I do appreciate them keeping the ambiguity of Deckard being a replicant or not. Sucks that Harrison Ford didn't really try though here.
 
I just assumed he was hunted for harboring a replicant and running away with her

but why would he hide away like this when he obviously hasn't been hunted for 30 years and no one even knew about it?

I thought HF was good in this but I think whoever did the costume design for HF was like, here's some pants and a grey t-shirt. :/
 
😵😳 Just got off the 10:05pm showing of this movie in IMAX 3D and I’m completely floored. A total classic and one of the greatest movies ever made. Holy shit, I think it’s my favorite movie ever. Denis Villeneuve is a total genius, wow!
 

Moonkid

Member
Yep. Would've been perfect. The most we got was a few minor roles and Jois accent lol
Haha lmao. Come to think of it, what are some science fiction films with a non-white lead? All my favourites in the genre are overwhelmingly white, but Starship Troopers gets a pass :p
 
Not much to be honest.
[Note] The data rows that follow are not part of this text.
lemma shattered_card_le_three:
  assumes shatters: "edge_shatters (hamming_vertices d S) (hamming_adj d) A"
  shows "card A \<le> 3"
proof (rule ccontr)
  assume "\<not> card A \<le> 3"
  then obtain xs where "length xs = 4" "distinct xs" "set xs \<subseteq> A"
    using obtain_distinct_list[of 4 A] by auto
  then obtain a b c e where distinct: "distinct [a, b, c, e]" and sub: "{a, b, c, e} \<subseteq> A"
    by (auto simp: numeral_eq_Suc length_Suc_conv)
  have V: "a \<in> hamming_vertices d S" "b \<in> hamming_vertices d S" "c \<in> hamming_vertices d S"
      "e \<in> hamming_vertices d S"
    using shatters sub unfolding edge_shatters_iff by auto
  obtain v where "\<forall>x\<in>A. hamming_adj d v x \<longleftrightarrow> x \<in> {a, b, c, e}"
    using edge_shatters_witness[OF shatters sub] by metis
  then have v: "hamming_adj d v a" "hamming_adj d v b" "hamming_adj d v c" "hamming_adj d v e"
    using sub by auto
  obtain ia where ia: "ia < d" "agree_off d ia a v" "a ! ia \<noteq> v ! ia"
    using v(1) by (rule neighbour_direction)
  obtain ib where ib: "ib < d" "agree_off d ib b v" "b ! ib \<noteq> v ! ib"
    using v(2) by (rule neighbour_direction)
  obtain ic where ic: "ic < d" "agree_off d ic c v" "c ! ic \<noteq> v ! ic"
    using v(3) by (rule neighbour_direction)
  obtain ie where ie: "ie < d" "agree_off d ie e v" "e ! ie \<noteq> v ! ie"
    using v(4) by (rule neighbour_direction)
  have "ia = ib"
    by (rule shattered_four_same_direction[OF ia ib v(3,4) shatters sub distinct])
  moreover have "ia = ic"
    by (rule shattered_four_same_direction[OF ia ic v(2,4) shatters]) (use sub distinct in auto)
  moreover have "ia = ie"
    by (rule shattered_four_same_direction[OF ia ie v(2,3) shatters]) (use sub distinct in auto)
  ultimately have b_line: "agree_off d ia b a" and c_line: "agree_off d ia c a"
      and e_line: "agree_off d ia e a"
    using ib(2) ic(2) ie(2) agree_off_trans[OF _ agree_off_sym[OF ia(2)]] by simp_all
  have "{a, b} \<subseteq> A" using sub by simp
  then obtain wab where "\<forall>x\<in>A. hamming_adj d wab x \<longleftrightarrow> x \<in> {a, b}"
    using edge_shatters_witness[OF shatters] by metis
  then have "hamming_adj d wab a" "hamming_adj d wab b"
      "\<not> hamming_adj d wab c" "\<not> hamming_adj d wab e"
    using sub distinct by auto
  moreover have "a ! ia \<noteq> b ! ia"
    using agree_off_vertices_nth_neq[OF V(1,2) _ agree_off_sym[OF b_line]] distinct by simp
  ultimately have "\<forall>l<d. c ! l = e ! l"
    using common_neighbour_on_line_nonadjacent_unique[OF ia(1) agree_off_sym[OF b_line] _ c_line
        e_line] by blast
  then have "c = e"
    using hamming_vertices_eqI[OF V(3,4)] by blast
  then show False using distinct by simp
qed
(* Let $C_{n,1}$ be the number of comparisons made by Quickselect to find the smallest element of a list of $n$ distinct numbers, and let $W_{n,1}=\frac{1}{n}C_{n,1}-1$. Let $D$ have the standard Dickman distribution. Then for all $n\ge 1$, $$d_1(W_{n,1},D)\le \frac{8\log(n/2)+10}{n}.$$
   Context: Quickselect (to find the $m$-th smallest element of a list of $n\ge m$ distinct numbers): a pivot is chosen uniformly at random from the list and compared with each of the other $n-1$ elements; the elements smaller than the pivot form the left sublist and those larger form the right sublist. If the left sublist has size $m-1$, the pivot is the answer and the procedure stops; if it has size $\ge m$, the procedure recurses on the left sublist to find its $m$-th smallest element; otherwise (left size $L<m-1$) it recurses on the right sublist to find its $(m-L-1)$-th smallest element. All pivot choices are independent. $C_{n,m}$ denotes the total number of comparisons made (a random variable whose law depends only on $n,m$). The standard Dickman distribution is the unique law of a non-negative random variable $D$ satisfying $D=_d U(D+1)$, where $U\sim\mathcal U[0,1]$ is independent of $D$. The Wasserstein distance is $d_1(X,Y)=\sup_{h\in \mathrm{Lip}_1}|Eh(X)-Eh(Y)|$, where $\mathrm{Lip}_1=\{h:|h(y)-h(x)|\le|y-x|\}$. *)

theory Defs
  imports "HOL-Probability.Probability"
begin

text \<open>Law of the number of comparisons C(n,m) made by Quickselect on n distinct numbers
  when searching for the m-th smallest. The pivot's left-sublist size L is uniform on
  {0..<n}; the pivot is compared with the n-1 other elements.\<close>

function quickselect_cmp :: "nat \<Rightarrow> nat \<Rightarrow> nat pmf" where
  "quickselect_cmp n m =
     (if n = 0 then return_pmf 0
      else pmf_of_set {0..<n} \<bind> (\<lambda>L.
        if L = m - 1 then return_pmf (n - 1)
        else if L \<ge> m then map_pmf (\<lambda>c. (n - 1) + c) (quickselect_cmp L m)
        else map_pmf (\<lambda>c. (n - 1) + c) (quickselect_cmp (n - L - 1) (m - L - 1))))"
  by pat_completeness auto
termination
  by (relation "Wellfounded.measure fst") (auto simp: set_pmf_of_set)

definition W_law :: "nat \<Rightarrow> real measure" where
  "W_law n = distr (measure_pmf (quickselect_cmp n 1)) borel (\<lambda>c. real c / real n - 1)"

definition dickman_law :: "real measure \<Rightarrow> bool" where
  "dickman_law M \<longleftrightarrow> prob_space M \<and> sets M = sets borel \<and> (AE x in M. x \<ge> 0) \<and>
     distr (M \<Otimes>\<^sub>M uniform_measure lborel {0..1}) borel (\<lambda>(d, u). u * (d + 1)) = M"

definition wasserstein1 :: "real measure \<Rightarrow> real measure \<Rightarrow> ereal" where
  "wasserstein1 M N =
     (SUP h \<in> {h :: real \<Rightarrow> real. \<forall>x y. \<bar>h y - h x\<bar> \<le> \<bar>y - x\<bar>}.
        ereal \<bar>(\<integral>x. h x \<partial>M) - (\<integral>x. h x \<partial>N)\<bar>)"

end

theory Submission
  imports Defs
begin

text \<open>Conditioning on the size L of the left sublist, which is uniform on {0..<n}, gives the
  distributional recursion W(n) = (L/n) (W(L) + 1) - 1/n. The Dickman equation D = U (D + 1) is its
  continuous counterpart: replacing U by the grid variable L/n costs at most E(D + 2)/n \<le> 4/n
  against a 1-Lipschitz test function h, because E D \<le> 2. Since x \<mapsto> h (L/n (x + 1) - 1/n) is
  (L/n)-Lipschitz, induction on n bounds the remaining error by
  (1/n^2) \<Sum>L=1..<n. (8 log(L/2) + 10), and comparing this sum with an integral of log closes the
  induction.\<close>

declare quickselect_cmp.simps[simp del]

lemma finite_set_pmf_quickselect_cmp: "finite (set_pmf (quickselect_cmp n m))"
proof (induction n m rule: quickselect_cmp.induct)
  case (1 n m)
  show ?case
    by (subst quickselect_cmp.simps)
       (use 1 in \<open>auto simp: set_pmf_of_set set_bind_pmf intro!: finite_UN_I\<close>)
qed

lemma quickselect_cmp_min:
  assumes "n \<ge> 1"
  shows "quickselect_cmp n 1 =
    pmf_of_set {0..<n} \<bind> (\<lambda>L. map_pmf (\<lambda>c. n - 1 + c) (quickselect_cmp L 1))"
  using assms
  by (subst quickselect_cmp.simps)
     (auto intro!: bind_pmf_cong simp: set_pmf_of_set quickselect_cmp.simps[of 0])

lemma integral_quickselect_cmp_min:
  fixes g :: "nat \<Rightarrow> real"
  assumes "n \<ge> 1"
  shows "(\<integral>c. g c \<partial>quickselect_cmp n 1) =
    (\<Sum>L<n. \<integral>c. g (n - 1 + c) \<partial>quickselect_cmp L 1) / n"
  unfolding quickselect_cmp_min[OF assms]
  by (subst pmf_expectation_bind[where A="{0..<n}"])
     (use assms in \<open>auto simp: finite_set_pmf_quickselect_cmp set_pmf_of_set
        lessThan_atLeast0 sum_divide_distrib\<close>)

lemma integral_W_law:
  fixes h :: "real \<Rightarrow> real"
  assumes "h \<in> borel_measurable borel"
  shows "(\<integral>x. h x \<partial>W_law n) = (\<integral>c. h (real c / n - 1) \<partial>quickselect_cmp n 1)"
  unfolding W_law_def using assms by (rule Bochner_Integration.integral_distr[rotated]) simp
Siri was just used as an example by that poster to show the reasonable actions of an AI as explained by today's concepts of machine learning.

Whatever your concept of AI, it makes sense that a company would protect its own interests by preventing its products from working against it. They went as far as they could in that direction with K and his class of replicants, but they could go a lot further with an AI's behavior guidelines. An AI asking its user to modify or destroy a company device to prevent the company from tracking it seems like undesirable behavior.